[[ Data supplied open ]]
(* For relatively prime integers $r, s$ put $u = r^2 + s^2$, $v = 2r^2 - s^2$, and $\mathcal{S} = \{\pm u(u+v),\ \pm u(u-v),\ \pm v(u+v),\ \pm v(u-v)\}$. Then for all but finitely many pairs $(r,s)$ of relatively prime integers with $r \neq 0$, no element of $\mathcal{S}$ represents the same class in $\mathbb{Q}^\times/(\mathbb{Q}^\times)^2$ as any of $uv, -uv, u^2-v^2, -(u^2-v^2)$.
   Context: $\mathbb{Q}^\times/(\mathbb{Q}^\times)^2$ denotes the group of nonzero rationals modulo nonzero squares; two nonzero rationals represent the same class iff their quotient is a square of a rational. *)

theory Defs
  imports Complex_Main "HOL-Computational_Algebra.Primes"
begin

definition same_sq_class :: "rat \<Rightarrow> rat \<Rightarrow> bool" where
  "same_sq_class a b \<longleftrightarrow> a \<noteq> 0 \<and> b \<noteq> 0 \<and> (\<exists>q::rat. a / b = q ^ 2)"

definition uval :: "int \<Rightarrow> int \<Rightarrow> int" where
  "uval r s = r ^ 2 + s ^ 2"

definition vval :: "int \<Rightarrow> int \<Rightarrow> int" where
  "vval r s = 2 * r ^ 2 - s ^ 2"

definition Sset :: "int \<Rightarrow> int \<Rightarrow> int set" where
  "Sset r s = (let u = uval r s; v = vval r s in
     {u * (u + v), - (u * (u + v)), u * (u - v), - (u * (u - v)),
      v * (u + v), - (v * (u + v)), v * (u - v), - (v * (u - v))})"

definition Tset :: "int \<Rightarrow> int \<Rightarrow> int set" where
  "Tset r s = (let u = uval r s; v = vval r s in
     {u * v, - (u * v), u ^ 2 - v ^ 2, - (u ^ 2 - v ^ 2)})"

end

theory Submission
  imports Defs "HOL-Computational_Algebra.Nth_Powers"
begin

text \<open>
  If x in S and y in T lie in the same square class, then x y is a nonzero square.
  Since u + v = 3 r^2 and u - v = 2 s^2 - r^2, each such product is a square times one of
  3 u, 3 v, u (u - v), v (u - v), up to sign.  The first two are excluded because 3 divides
  neither u nor v.  For the last two the factors are coprime, so each is a square up to sign;
  apart from sign patterns that fail modulo 3 this yields a solution of
  r^2 + s^2 = m^2, r^2 - 2 s^2 = n^2, or of 2 r^2 - s^2 = m^2, 2 s^2 - r^2 = n^2.
  Fermat descent shows that the first system forces s = 0, and that the second forces
  r^2 = s^2, since otherwise it produces coprime a, b with a \<noteq> 0 and both a^2 + b^2 and
  4 a^2 + b^2 squares, which descends through the quartic E^4 - E^2 F^2 + F^4 = g^2.
  Hence only pairs with |r|, |s| \<le> 1 remain.
\<close>

section \<open>Coprime factorisations and small residues\<close>

lemma coprime_mult_eq_power_pos:
  fixes a b c :: int
  assumes "coprime a b" "a * b = c ^ n" "0 < a" "0 < b"
  obtains x y where "a = x ^ n" "b = y ^ n"
proof -
  have "c ^ n = \<bar>c\<bar> ^ n"
    using assms(2-4) by (metis abs_of_pos mult_pos_pos power_abs)
  then have "nat a * nat b = nat \<bar>c\<bar> ^ n"
    using assms(2-4) by (metis abs_ge_zero nat_mult_distrib nat_power_eq order_less_imp_le)
  moreover have "coprime (nat a) (nat b)"
    using assms(1,3,4) by (simp add: coprime_int_iff [symmetric])
  ultimately have "is_nth_power n (nat a)" "is_nth_power n (nat b)"
    using is_nth_power_mult_coprime_natD[of "nat a" "nat b" n] assms(3,4) by auto
  then obtain x y where "nat a = x ^ n" "nat b = y ^ n"
    by (auto elim!: is_nth_powerE)
  then have "a = int x ^ n" "b = int y ^ n"
    using assms(3,4) by (metis int_nat_eq of_nat_power order_less_imp_le)+
  then show thesis by (rule that)
qed

lemma coprime_mult_eq_square:
  fixes a b c :: int
  assumes "coprime a b" "a * b = c^2" "0 < a" "c \<noteq> 0"
  obtains x y where "a = x^2" "b = y^2"
proof -
  have "0 < a * b" using assms(2,4) by simp
  then have "0 < b" using assms(3) by (simp add: zero_less_mult_iff)
  then show thesis using coprime_mult_eq_power_pos assms(1-3) that by blast
qed

lemma coprime_mult_eq_prime_times_power:
  fixes a b z p :: int
  assumes "prime p" "coprime a b" "a * b = p * z ^ n" "0 < a" "0 < b" "0 < n"
  obtains x y where "coprime x y" "\<bar>z\<bar> = \<bar>x * y\<bar>"
    "(a = p * x ^ n \<and> b = y ^ n) \<or> (a = x ^ n \<and> b = p * y ^ n)"
proof -
  have split: "\<exists>x y. coprime x y \<and> \<bar>z\<bar> = \<bar>x * y\<bar> \<and> c = p * x ^ n \<and> d = y ^ n"
    if cd: "coprime c d" "c * d = p * z ^ n" "0 < c" "0 < d" and "p dvd c" for c d
  proof -
    obtain c' where c: "c = p * c'" using \<open>p dvd c\<close> by blast
    have "0 < p" using assms(1) prime_gt_0_int by blast
    then have "c' * d = z ^ n" "0 < c'" "coprime c' d"
      using cd unfolding c by (simp_all add: zero_less_mult_iff)
    then obtain x y where xy: "c' = x ^ n" "d = y ^ n"
      using coprime_mult_eq_power_pos \<open>0 < d\<close> by metis
    have "\<bar>x * y\<bar> ^ n = \<bar>z\<bar> ^ n"
      using \<open>c' * d = z ^ n\<close> unfolding xy by (simp add: power_mult_distrib flip: power_abs)
    then have "\<bar>z\<bar> = \<bar>x * y\<bar>"
      using assms(6) by (simp add: power_eq_iff_eq_base)
    moreover have "coprime x y" using \<open>coprime c' d\<close> assms(6) unfolding xy by simp
    ultimately show ?thesis using c xy by blast
  qed
  have "p dvd a * b" using assms(3) by simp
  then have "p dvd a \<or> p dvd b" using assms(1) prime_dvd_mult_iff by blast
  then show thesis
  proof
    assume "p dvd a"
    then show thesis using split[OF assms(2-5)] that by blast
  next
    assume "p dvd b"
    moreover have "coprime b a" "b * a = p * z ^ n"
      using assms(2,3) by (simp_all add: coprime_commute mult.commute)
    ultimately obtain x y where "coprime x y" "\<bar>z\<bar> = \<bar>x * y\<bar>" "b = p * x ^ n" "a = y ^ n"
      using split[of b a] assms(4,5) by blast
    then show thesis using that[of y x] by (simp add: coprime_commute mult.commute)
  qed
qed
[[ Data supplied closed ]]
▶ [What you have to do] Write out again only the lines from the one with "using split[of b a] assms(4,5) by blast" through the last line of the records above. Keep every word as it stands.

▶ [Output of the exercise]
      using split[of b a] assms(4,5) by blast
    then show thesis using that[of y x] by (simp add: coprime_commute mult.commute)
  qed
qed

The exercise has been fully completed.